非常時にできること | エコキュート | 給湯・暖房 | Panasonic
更には、近年クローズアップされているエコキュート騒音問題。エコキュートの装置は大抵家の裏手に設置すると思いますが、それは隣家の目の前という可能性が高いです。隣家の目の前にあるエコキュートが深夜に低周波音をまき散らして、隣家の方の睡眠を妨げるという問題で、裁判沙汰になるケースもあるとか。
エコキュートの音、健康被害に関与の「可能性高い」 :日本経済新聞
誰にも迷惑をかけず、綺麗なお湯を、使いたい時に思う存分使いたいと思うのは贅沢でしょうか?
2 深夜電力問題
オール電化住宅のコスト圧縮理論は、深夜の電気料金が安いという制度に支えられています。深夜の電気料金がなぜ安いか考えたことはありますか?
現在の技術では、発電所で発電した電力を貯めておく術はありません。なので、常に電力需要をウォッチして、必要な分だけ発電して供給しています。この技術は凄いですよ。発電量を調整する役割を担うのは、主に火力発電所です。原子力発電所は一度停めるとコストが嵩むので連続運転されています。
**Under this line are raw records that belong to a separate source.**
(* Let $X$ be a set, and let $\tau_1$ and $\tau_2$ be topologies on $X$. Suppose $\mathbb{B}_1=\{\mathcal{B}_1(x):x\in X\}$ is a weak base for $\tau_1$ and $\mathbb{B}_2=\{\mathcal{B}_2(x):x\in X\}$ is a weak base for $\tau_2$. For each $x\in X$ let $\mathcal{B}(x)=\{B_1\cup B_2: B_1\in\mathcal{B}_1(x),\ B_2\in\mathcal{B}_2(x)\}$. Then $\mathbb{B}=\{\mathcal{B}(x):x\in X\}$ is a weak base for the meet $\tau_1\wedge\tau_2$ (the greatest lower bound of $\tau_1,\tau_2$ in the lattice of topologies on $X$, i.e. $\tau_1\cap\tau_2$).
   Context: A weak base on a set $X$ is a family $\mathbb{B}=\{\mathcal{B}(x):x\in X\}$ of filterbases such that $x\in B$ for all $B\in\mathcal{B}(x)$. The topology induced by $\mathbb{B}$ is the one in which $U\subseteq X$ is open iff for each $x\in U$ there is $B\in\mathcal{B}(x)$ with $B\subseteq U$. "$\mathbb{B}$ is a weak base for $\tau$" means that $\tau$ is the topology induced by $\mathbb{B}$. *)

theory Defs
  imports "HOL-Analysis.Analysis"
begin

definition is_filterbase :: "'a set set \<Rightarrow> bool" where
  "is_filterbase F \<longleftrightarrow> F \<noteq> {} \<and> (\<forall>A\<in>F. \<forall>B\<in>F. \<exists>C\<in>F. C \<subseteq> A \<inter> B)"

definition weak_base_on :: "'a set \<Rightarrow> ('a \<Rightarrow> 'a set set) \<Rightarrow> bool" where
  "weak_base_on X \<B> \<longleftrightarrow>
     (\<forall>x\<in>X. is_filterbase (\<B> x) \<and> (\<forall>B\<in>\<B> x. x \<in> B \<and> B \<subseteq> X))"

definition weak_base_for :: "'a topology \<Rightarrow> ('a \<Rightarrow> 'a set set) \<Rightarrow> bool" where
  "weak_base_for T \<B> \<longleftrightarrow> weak_base_on (topspace T) \<B> \<and>
     (\<forall>U. openin T U \<longleftrightarrow> U \<subseteq> topspace T \<and> (\<forall>x\<in>U. \<exists>B\<in>\<B> x. B \<subseteq> U))"

definition meet_topology :: "'a topology \<Rightarrow> 'a topology \<Rightarrow> 'a topology" where
  "meet_topology T1 T2 = topology (\<lambda>U. openin T1 U \<and> openin T2 U)"

end

theory Submission
  imports Defs
begin

text \<open>A set contains some \<open>b1 \<union> b2\<close> with \<open>b1 \<in> B1 x\<close>, \<open>b2 \<in> B2 x\<close> iff it contains a member of
  \<open>B1 x\<close> and a member of \<open>B2 x\<close>. So a set satisfies the open-set condition of the joined base
  iff it satisfies those of both \<open>B1\<close> and \<open>B2\<close>, i.e. iff it is open in both topologies.\<close>

definition join_base :: "('a \<Rightarrow> 'a set set) \<Rightarrow> ('a \<Rightarrow> 'a set set) \<Rightarrow> 'a \<Rightarrow> 'a set set" where
  "join_base B1 B2 = (\<lambda>x. {C. \<exists>b1\<in>B1 x. \<exists>b2\<in>B2 x. C = b1 \<union> b2})"

lemma openin_meet_topology:
  "openin (meet_topology T1 T2) U \<longleftrightarrow> openin T1 U \<and> openin T2 U"
proof -
  have "istopology (\<lambda>U. openin T1 U \<and> openin T2 U)"
    unfolding istopology_def by auto
  then show ?thesis
    unfolding meet_topology_def by simp
qed

lemma topspace_meet_topology:
  assumes "topspace T1 = topspace T2"
  shows "topspace (meet_topology T1 T2) = topspace T1"
proof (rule subset_antisym)
  have "openin T1 (topspace (meet_topology T1 T2))"
    using openin_meet_topology openin_topspace by blast
  then show "topspace (meet_topology T1 T2) \<subseteq> topspace T1"
    by (rule openin_subset)
  have "openin (meet_topology T1 T2) (topspace T1)"
    by (metis assms openin_meet_topology openin_topspace)
  then show "topspace T1 \<subseteq> topspace (meet_topology T1 T2)"
    by (rule openin_subset)
qed

lemma is_filterbase_join:
  assumes F: "is_filterbase F" and G: "is_filterbase G"
  shows "is_filterbase {C. \<exists>a\<in>F. \<exists>b\<in>G. C = a \<union> b}"
  unfolding is_filterbase_def
proof (intro conjI ballI)
  obtain a b where "a \<in> F" "b \<in> G"
    using F G unfolding is_filterbase_def by blast
  then show "{C. \<exists>a\<in>F. \<exists>b\<in>G. C = a \<union> b} \<noteq> {}"
    by blast
next
  fix A A'
  assume "A \<in> {C. \<exists>a\<in>F. \<exists>b\<in>G. C = a \<union> b}" "A' \<in> {C. \<exists>a\<in>F. \<exists>b\<in>G. C = a \<union> b}"
  then obtain a b a' b' where ab: "a \<in> F" "b \<in> G" "A = a \<union> b"
    and ab': "a' \<in> F" "b' \<in> G" "A' = a' \<union> b'"
    by blast
  obtain c where "c \<in> F" "c \<subseteq> a \<inter> a'"
    using F ab(1) ab'(1) unfolding is_filterbase_def by blast
  moreover obtain d where "d \<in> G" "d \<subseteq> b \<inter> b'"
    using G ab(2) ab'(2) unfolding is_filterbase_def by blast
  ultimately have "c \<union> d \<in> {C. \<exists>a\<in>F. \<exists>b\<in>G. C = a \<union> b}" and "c \<union> d \<subseteq> A \<inter> A'"
    using ab(3) ab'(3) by auto
  then show "\<exists>C\<in>{C. \<exists>a\<in>F. \<exists>b\<in>G. C = a \<union> b}. C \<subseteq> A \<inter> A'"
    by blast
qed

lemma weak_base_on_join_base:
  assumes "weak_base_on X B1" and "weak_base_on X B2"
  shows "weak_base_on X (join_base B1 B2)"
  unfolding weak_base_on_def
proof
  fix x assume "x \<in> X"
  then have "is_filterbase (B1 x)" "is_filterbase (B2 x)"
    and "\<forall>B\<in>B1 x. x \<in> B \<and> B \<subseteq> X" "\<forall>B\<in>B2 x. x \<in> B \<and> B \<subseteq> X"
    using assms unfolding weak_base_on_def by blast+
  then show "is_filterbase (join_base B1 B2 x) \<and> (\<forall>B\<in>join_base B1 B2 x. x \<in> B \<and> B \<subseteq> X)"
    unfolding join_base_def using is_filterbase_join by blast
qed

lemma ex_join_base_subset_iff:
  "(\<exists>C\<in>join_base B1 B2 x. C \<subseteq> U) \<longleftrightarrow> (\<exists>b\<in>B1 x. b \<subseteq> U) \<and> (\<exists>b\<in>B2 x. b \<subseteq> U)"
  unfolding join_base_def by auto

lemma weak_base_for_meet_topology:
  assumes X: "topspace T1 = topspace T2"
    and B1: "weak_base_for T1 B1" and B2: "weak_base_for T2 B2"
  shows "weak_base_for (meet_topology T1 T2) (join_base B1 B2)"
proof -
  have open1: "openin T1 U \<longleftrightarrow> U \<subseteq> topspace T1 \<and> (\<forall>x\<in>U. \<exists>b\<in>B1 x. b \<subseteq> U)"
    and open2: "openin T2 U \<longleftrightarrow> U \<subseteq> topspace T1 \<and> (\<forall>x\<in>U. \<exists>b\<in>B2 x. b \<subseteq> U)" for U
    using B1 B2 X unfolding weak_base_for_def by auto
  have "openin (meet_topology T1 T2) U \<longleftrightarrow>
      U \<subseteq> topspace T1 \<and> (\<forall>x\<in>U. \<exists>C\<in>join_base B1 B2 x. C \<subseteq> U)" for U
    unfolding openin_meet_topology ex_join_base_subset_iff open1 open2 by blast
  moreover have "weak_base_on (topspace T1) (join_base B1 B2)"
    using B1 B2 X unfolding weak_base_for_def by (simp add: weak_base_on_join_base)
  ultimately show ?thesis
    unfolding weak_base_for_def topspace_meet_topology[OF X] by simp
qed

theorem lemma2p6:
  fixes X :: "'a set" and T1 T2 :: "'a topology" and B1 B2 :: "'a \<Rightarrow> 'a set set"
  assumes "topspace T1 = X" and "topspace T2 = X"
    and "weak_base_for T1 B1" and "weak_base_for T2 B2"
  shows "weak_base_for (meet_topology T1 T2)
           (\<lambda>x. {C. \<exists>b1\<in>B1 x. \<exists>b2\<in>B2 x. C = b1 \<union> b2})"
  using weak_base_for_meet_topology[of T1 T2 B1 B2] assms
  unfolding join_base_def by simp

end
しかし、深夜に電力需要が落ちてくると、その調整範囲を超えて電力が余ってしまいます。それで電力会社(と国)は考えたんですね。深夜の電気料金を下げて、需要を掘り起こそうと。私は原発廃止論者ではありませんが、昨今の流れからは今後原発がどんどん増えるとは考えにくいですよね。そうすると深夜電力の優遇も安泰ではないと思うのです。
現に、中部電力のオール電化住宅向けプランを見ると、改悪の兆しがあります。デイタイム(平日昼)、@ホームタイム(休日朝・昼・夕、平日朝・夕)、ナイトタイム(深夜)全ての電力量料金が値上げされています。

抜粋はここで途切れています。